Non-opioid receptors are present throughout the nervous system – the brain, spinal cord, pain and sensory fibers. And so opioids have many other effects on the nervous system that can lead to things like respiratory depression, constipation, and cognitive effects. These drugs also cause resistance or addiction. So the initial goal of our work, and the approach that others take in this area, is to focus on the surrounding nerve fibers, such as the skin and other areas specific to the sensation of pain reactions; With the idea that if we can identify molecules that are specific to those points, the side effects of drugs will be less.
You have studied other sensory abilities in addition to pain, right?

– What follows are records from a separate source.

(* Under the standing assumptions, $G$ does not contain a vertex $v$ of degree $8$ together with pairwise distinct neighbours $x,t,w,y,z,u,r$ of $v$ and distinct vertices $p,q\notin\{v,x,t,w,y,z,u,r\}$ such that $xt,tw,wy,ur\in E(G)$, $p$ is adjacent to both $y$ and $z$, $q$ is adjacent to both $z$ and $u$, and $d(t)=d(y)=d(z)=d(u)=3$.
   Context: Standing assumptions: A total $9$-coloring of a graph is an assignment of colors from $\{1,\dots,9\}$ to the vertices and edges such that adjacent vertices, edges sharing an endpoint, and a vertex and an incident edge receive different colors. A $4$-fan is the graph on six vertices $c,u_1,\dots,u_5$ with edges $cu_j$ ($1\le j\le5$) and $u_ju_{j+1}$ ($1\le j\le4$). $G$ is a minimal counterexample: $G$ is a simple planar graph with maximum degree $8$, containing no subgraph isomorphic to a $4$-fan, that has no total $9$-coloring, and such that every simple planar graph $H$ with maximum degree at most $8$, no subgraph isomorphic to a $4$-fan, and $|V(H)|+|E(H)|<|V(G)|+|E(G)|$ has a total $9$-coloring. $d(\cdot)$ denotes degree in $G$. *)

theory Defs
  imports "HOL-Analysis.Analysis"
begin

definition simple_graph :: "'a set \<Rightarrow> 'a set set \<Rightarrow> bool" where
  "simple_graph V E \<longleftrightarrow> finite V \<and> (\<forall>e\<in>E. \<exists>x y. x \<in> V \<and> y \<in> V \<and> x \<noteq> y \<and> e = {x, y})"

definition adj :: "'a set set \<Rightarrow> 'a \<Rightarrow> 'a \<Rightarrow> bool" where
  "adj E x y \<longleftrightarrow> {x, y} \<in> E"

definition degree :: "'a set set \<Rightarrow> 'a \<Rightarrow> nat" where
  "degree E v = card {e \<in> E. v \<in> e}"

definition max_degree_le :: "'a set \<Rightarrow> 'a set set \<Rightarrow> nat \<Rightarrow> bool" where
  "max_degree_le V E k \<longleftrightarrow> (\<forall>v\<in>V. degree E v \<le> k)"

definition max_degree_eq :: "'a set \<Rightarrow> 'a set set \<Rightarrow> nat \<Rightarrow> bool" where
  "max_degree_eq V E k \<longleftrightarrow> max_degree_le V E k \<and> (\<exists>v\<in>V. degree E v = k)"

definition planar_embedding ::
  "'a set \<Rightarrow> 'a set set \<Rightarrow> ('a \<Rightarrow> complex) \<Rightarrow> ('a set \<Rightarrow> real \<Rightarrow> complex) \<Rightarrow> bool" where
  "planar_embedding V E pos arcs \<longleftrightarrow>
     inj_on pos V \<and>
     (\<forall>e\<in>E. \<exists>x y. e = {x, y} \<and> arc (arcs e) \<and>
              pathstart (arcs e) = pos x \<and> pathfinish (arcs e) = pos y) \<and>
     (\<forall>e\<in>E. \<forall>v\<in>V. pos v \<in> path_image (arcs e) \<longrightarrow> v \<in> e) \<and>
     (\<forall>e\<in>E. \<forall>e'\<in>E. e \<noteq> e' \<longrightarrow>
        path_image (arcs e) \<inter> path_image (arcs e') \<subseteq> pos ` (e \<inter> e'))"

definition planar :: "'a set \<Rightarrow> 'a set set \<Rightarrow> bool" where
  "planar V E \<longleftrightarrow> (\<exists>pos arcs. planar_embedding V E pos arcs)"

definition total_coloring ::
  "'a set \<Rightarrow> 'a set set \<Rightarrow> nat \<Rightarrow> ('a \<Rightarrow> nat) \<Rightarrow> ('a set \<Rightarrow> nat) \<Rightarrow> bool" where
  "total_coloring V E k f g \<longleftrightarrow>
     (\<forall>v\<in>V. f v \<in> {1..k}) \<and> (\<forall>e\<in>E. g e \<in> {1..k}) \<and>
     (\<forall>x\<in>V. \<forall>y\<in>V. {x, y} \<in> E \<longrightarrow> f x \<noteq> f y) \<and>
     (\<forall>e\<in>E. \<forall>e'\<in>E. e \<noteq> e' \<and> e \<inter> e' \<noteq> {} \<longrightarrow> g e \<noteq> g e') \<and>
     (\<forall>v\<in>V. \<forall>e\<in>E. v \<in> e \<longrightarrow> f v \<noteq> g e)"

definition total_colorable :: "'a set \<Rightarrow> 'a set set \<Rightarrow> nat \<Rightarrow> bool" where
  "total_colorable V E k \<longleftrightarrow> (\<exists>f g. total_coloring V E k f g)"

definition has_4fan :: "'a set \<Rightarrow> 'a set set \<Rightarrow> bool" where
  "has_4fan V E \<longleftrightarrow> (\<exists>c u1 u2 u3 u4 u5.
     distinct [c, u1, u2, u3, u4, u5] \<and> set [c, u1, u2, u3, u4, u5] \<subseteq> V \<and>
     adj E c u1 \<and> adj E c u2 \<and> adj E c u3 \<and> adj E c u4 \<and> adj E c u5 \<and>
     adj E u1 u2 \<and> adj E u2 u3 \<and> adj E u3 u4 \<and> adj E u4 u5)"

text \<open>Smaller graphs H range over graphs with vertices in nat;
  since total colourability, planarity etc. are isomorphism invariant and all graphs
  are finite, this covers all smaller graphs.\<close>
definition minimal_counterexample :: "'a set \<Rightarrow> 'a set set \<Rightarrow> bool" where
  "minimal_counterexample V E \<longleftrightarrow>
     simple_graph V E \<and> planar V E \<and> max_degree_eq V E 8 \<and> \<not> has_4fan V E \<and>
     \<not> total_colorable V E 9 \<and>
     (\<forall>(VH :: nat set) EH. simple_graph VH EH \<and> planar VH EH \<and> max_degree_le VH EH 8 \<and>
        \<not> has_4fan VH EH \<and> card VH + card EH < card V + card E \<longrightarrow> total_colorable VH EH 9)"

end

theory Submission
  imports Defs
begin

(* Delete the edge vz.  By minimality the rest has a total 9-colouring; uncolour the four
   vertices t, y, z, u of degree 3.  They can be recoloured at the very end, since a vertex
   of degree 3 sees at most six colours.  The seven remaining edges at v together with v
   itself use eight colours, so some colour \<alpha> is missing at v, and vz can simply be
   coloured \<alpha> unless \<alpha> already appears at z.  The remaining cases are settled by
   recolouring edges of the paths x-t-w-y-p-z-q-u-r around v: at the coloured vertices
   x, w, p, q, r the colours of the recoloured edges are only permuted, so nothing outside
   the configuration has to change, and a finite case analysis shows that one of seventeen
   such recolourings always works. *)

section \<open>Graphs\<close>

definition incident :: "'a set set \<Rightarrow> 'a \<Rightarrow> 'a set set" where
  "incident E c = {e \<in> E. c \<in> e}"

Yes. We are generally interested in sensory systems and understanding their overall function – not just the pain pathway. They give your brain the ability to produce an inner view of the outside world. But the fascinating thing I have found about sensory systems is that different animals see the world in different ways. We studied infrared sensation in rattlesnakes because, like everyone else, we thought they were related to the sensation of heat – and because this was close to our understanding of the mechanisms of pain sensation. Recently, people in my lab were working on the mechanism of electro-receptors (sensing electric fields); A trait found in aquatic animals such as sharks or ospreys. Scientists have studied these animals for many years and found that they use these systems (such as infrared and electro-receptors), and have done aesthetic physiological research on their physiology. What had not been studied much was the understanding of the molecular basis of these systems. And now there are many tools, such as DNA and RNA sequencing, that we can use to make connections between molecules and physiology. This is almost where we enter the field. We have used these molecular tools and are reviewing some very beautiful research to be able to create a molecular framework for these physiological and behavioral systems.